## YOUR ASSIGNMENT
Say how many lines in the material below contain the word "blast", giving the number alone.

# # # # #

(* Let $G=(V,E)$ be a connected undirected unweighted graph on $N\ge1$ vertices such that every vertex has degree $d_1$ or $d_2$, where $d_1\le d_2$. Let $n_1$ be the number of vertices of degree $d_1$ and $n_2$ the number of vertices of degree $d_2$ (so $N=n_1+n_2$). For $\delta\in[0,1]$ let $\rho_1(\delta)=\mathsf{fp}_{r=1}^\delta(G,\{u\})$ for any $u$ with $\deg(u)=d_1$ and $\rho_2(\delta)=\mathsf{fp}_{r=1}^\delta(G,\{u\})$ for any $u$ with $\deg(u)=d_2$. Then for all $\delta\in[0,1]$ the derivatives $\rho_1'(\delta)$ and $\rho_2'(\delta)$ exist and $$\rho_1'(\delta)=-n_2\,Q(\delta),\qquad\rho_2'(\delta)=n_1\,Q(\delta),\qquad Q(\delta)=\frac{(d_2-d_1)(d_1+d_2)}{D(\delta)^2},$$ where $D(\delta)=d_1n_2+d_2n_1+\delta(d_1-d_2)(n_1-n_2)$. If $d_1<d_2$, then $\rho_1'(\delta)<0$ and $\rho_2'(\delta)>0$ for all $\delta\in[0,1]$; otherwise $\rho_1'(\delta)=\rho_2'(\delta)=0$ for all $\delta$.
   Context: Mixed $\delta$-updating on $G$: each vertex holds a mutant (fitness $r$) or wild-type (fitness $1$); $f_S(x)$ is the fitness at $x$ when $S$ is the mutant set. At each step, with probability $\delta$ a death-Birth step: choose $v$ uniformly to die, choose a neighbor $u$ of $v$ with probability proportional to $f_S(u)$, $u$ copies its type onto $v$; with probability $1-\delta$ a Birth-death step: choose $u$ with probability proportional to $f_S(u)$ among all vertices, choose a uniformly random neighbor $v$ of $u$, $u$ copies its type onto $v$. $\mathsf{fp}_r^\delta(G,S_0)$ is the probability all vertices eventually become mutant from initial mutant set $S_0$ (with $r=1$, the value for a single starting vertex depends only on its degree here). *)

theory Defs
  imports "HOL-Analysis.Analysis"
begin

definition simple_graph :: "'a set \<Rightarrow> ('a \<Rightarrow> 'a \<Rightarrow> bool) \<Rightarrow> bool" where
  "simple_graph V E \<longleftrightarrow> finite V \<and> (\<forall>u v. E u v \<longrightarrow> u \<in> V \<and> v \<in> V)
     \<and> (\<forall>u v. E u v \<longrightarrow> E v u) \<and> (\<forall>u. \<not> E u u)"

definition connected_graph :: "'a set \<Rightarrow> ('a \<Rightarrow> 'a \<Rightarrow> bool) \<Rightarrow> bool" where
  "connected_graph V E \<longleftrightarrow> (\<forall>u\<in>V. \<forall>v\<in>V. E\<^sup>*\<^sup>* u v)"

definition nbrs :: "'a set \<Rightarrow> ('a \<Rightarrow> 'a \<Rightarrow> bool) \<Rightarrow> 'a \<Rightarrow> 'a set" where
  "nbrs V E v = {u \<in> V. E v u}"

definition deg :: "'a set \<Rightarrow> ('a \<Rightarrow> 'a \<Rightarrow> bool) \<Rightarrow> 'a \<Rightarrow> nat" where
  "deg V E v = card (nbrs V E v)"
lemma left_inverse_transpose:
  fixes g gi :: "'a::field^'n^'n"
  assumes "gi ** g = mat 1"
  shows "g ** gi = mat 1" "transpose g ** transpose gi = mat 1"
    "transpose gi ** transpose g = mat 1"
proof -
  show "g ** gi = mat 1"
    using assms matrix_left_right_inverse by blast
  then show "transpose gi ** transpose g = mat 1"
    by (simp only: matrix_transpose_mul[symmetric] transpose_mat)
  show "transpose g ** transpose gi = mat 1"
    using assms by (simp only: matrix_transpose_mul[symmetric] transpose_mat)
qed

lemma skew_row_matrix_mult:
  fixes A X :: "'a::comm_ring_1^'n^'n"
  assumes "transpose X = - X"
  shows "(A ** X) $ k = - (X *v A $ k)"
proof -
  have "(A ** X) $ k = transpose X *v A $ k"
    by (simp add: vec_eq_iff matrix_matrix_mult_def vector_matrix_mult_def mult.commute)
  then show ?thesis
    using assms by (simp add: vec_eq_iff matrix_vector_mult_def sum_negf)
qed

lemma rows_subset_range_if_skew:
  fixes A :: "'a::field^'n^'n"
  assumes "transpose A = - A"
  shows "rows A \<subseteq> range ((*v) A)"
proof
  fix r assume "r \<in> rows A"
  then obtain i where r: "r = row i A" by (auto simp: rows_def)
  have "r = (mat 1 ** A) $ i"
    by (simp add: r row_def vec_lambda_eta)
  also have "\<dots> = - (A *v (mat 1 $ i))"
    by (rule skew_row_matrix_mult[OF assms])
  also have "\<dots> = A *v (- (mat 1 $ i))"
    by (simp only: vec.neg)
  finally show "r \<in> range ((*v) A)" by blast
qed

lemma skew_rank_le_card:
  fixes A :: "'a::field^'n^'n"
  assumes "transpose A = - A" "range ((*v) A) \<subseteq> vec.span S" "finite S"
  shows "rank A \<le> card S"
  unfolding row_rank_def_gen
  using rows_subset_range_if_skew[OF assms(1)] assms(2,3) by (intro vec.dim_le_card) auto

lemma image_in_span_if_kernel_in_span:
  fixes C :: "'a::field^'n^'m"
  assumes "C *v x = 0" "x \<noteq> 0" "x \<in> vec.span {w, v}" "C *v w \<noteq> 0"
  shows "C *v v \<in> vec.span {C *v w}"
proof -
  obtain a b where x: "x = a *s w + b *s v"
    using assms(3) unfolding vec.span_insert[of w "{v}"] vec.span_singleton
    by (auto simp: diff_eq_eq add.commute)
  have "a *s (C *v w) + b *s (C *v v) = 0"
    using assms(1) by (simp add: x matrix_vector_right_distrib vec.scale)
  then have ab: "b *s (C *v v) = - (a *s (C *v w))"
    by (simp add: eq_neg_iff_add_eq_0 add.commute)
  have "b \<noteq> 0"
  proof
    assume "b = 0"
    then have "a = 0" using ab assms(4) by simp
    then show False using \<open>b = 0\<close> x assms(2) by simp
  qed
  then have "C *v v = inverse b *s (b *s (C *v v))"
    by simp
  also have "\<dots> = inverse b *s - (a *s (C *v w))"
    by (simp only: ab)
  finally show ?thesis by (simp add: vec.span_base vec.span_scale vec.span_neg)
qed

lemma hyperplane_image_subspace:
  "vec.subspace ((*v) (g::'a::field^'n^'n) ` {c. c $ k = 0})"
  by (intro vec.subspace_image) (simp add: vec.subspace_def)

lemma dim_hyperplane_image:
  fixes g gi :: "'a::field^'n^'n"
  assumes "gi ** g = mat 1"
  shows "vec.dim ((*v) g ` {c. c $ k = 0}) = CARD('n) - 1"
proof -
  have "invertible g"
    using assms invertible_left_inverse by blast
  then have "inj_on ((*v) g) (vec.span {c. c $ k = 0})"
    using inj_matrix_vector_mult inj_on_subset by blast
  then have "vec.dim ((*v) g ` {c. c $ k = 0}) = vec.dim {c::'a^'n. c $ k = 0}"
    by (rule vec.dim_image_eq[OF matrix_vector_mul_linear_gen])
  also have "\<dots> = card (UNIV - {k})"
    using dim_substandard_cart[of "UNIV - {k}"] by simp
  also have "\<dots> = CARD('n) - 1"
    by (simp add: card_Diff_singleton)
  finally show ?thesis .
qed

lemma skew_range_in_hyperplane_image:
  fixes X g gi :: "'a::field^'n^'n"
  assumes "transpose X = - X" "gi ** g = mat 1" "X *v gi $ k = 0"
  shows "X *v z \<in> (*v) g ` {c. c $ k = 0}"
proof
  show "X *v z = g *v (gi *v (X *v z))"
    using left_inverse_transpose(1)[OF assms(2)]
    by (simp only: matrix_vector_mul_assoc[of g] matrix_vector_mul_lid)
  have "(gi ** X) $ k = 0"
    using skew_row_matrix_mult[OF assms(1)] assms(3) by simp
  then have "((gi ** X) *v z) $ k = 0"
    by (simp add: matrix_vector_mult_def)
  then show "gi *v (X *v z) \<in> {c. c $ k = 0}"
    by (simp only: matrix_vector_mul_assoc mem_Collect_eq)
qed

subsection \<open>Bivectors\<close>

lemma e_nth: "e j $ i = (if i = j then 1 else 0)"
  by (simp add: e_def axis_def)

lemma wedge_zero_left: "wedge 0 v = 0"
  by (simp add: wedge_def vec_eq_iff)

lemma wedge_mult:
  "wedge u v *v y = (\<Sum>j\<in>UNIV. v $ j * y $ j) *s u - (\<Sum>j\<in>UNIV. u $ j * y $ j) *s v"
  by (simp add: vec_eq_iff matrix_vector_mult_def wedge_def sum_subtractf sum_distrib_left
      algebra_simps)

lemma wedge_e_mult: "wedge (e a) (e b) *v y = y $ b *s e a - y $ a *s e b"
proof -
  have "e c $ j * y $ j = (if j = c then y $ j else 0)" for c j
    by (simp add: e_nth)
  then show ?thesis by (simp add: wedge_mult)
qed

lemma sum_wedge_columns:
  "(\<Sum>j\<in>UNIV. wedge (U *v e j) (V *v e j)) = U ** transpose V - V ** transpose U"
  by (simp add: vec_eq_iff wedge_def e_def matrix_vector_mult_axis matrix_matrix_mult_def
      transpose_def sum_subtractf)

lemma wedge2_subspace: "cmat.subspace (wedge2 H)"
  unfolding wedge2_def cspan_eq_span by (rule cmat.subspace_span)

# # # # #

## SOLUTION
4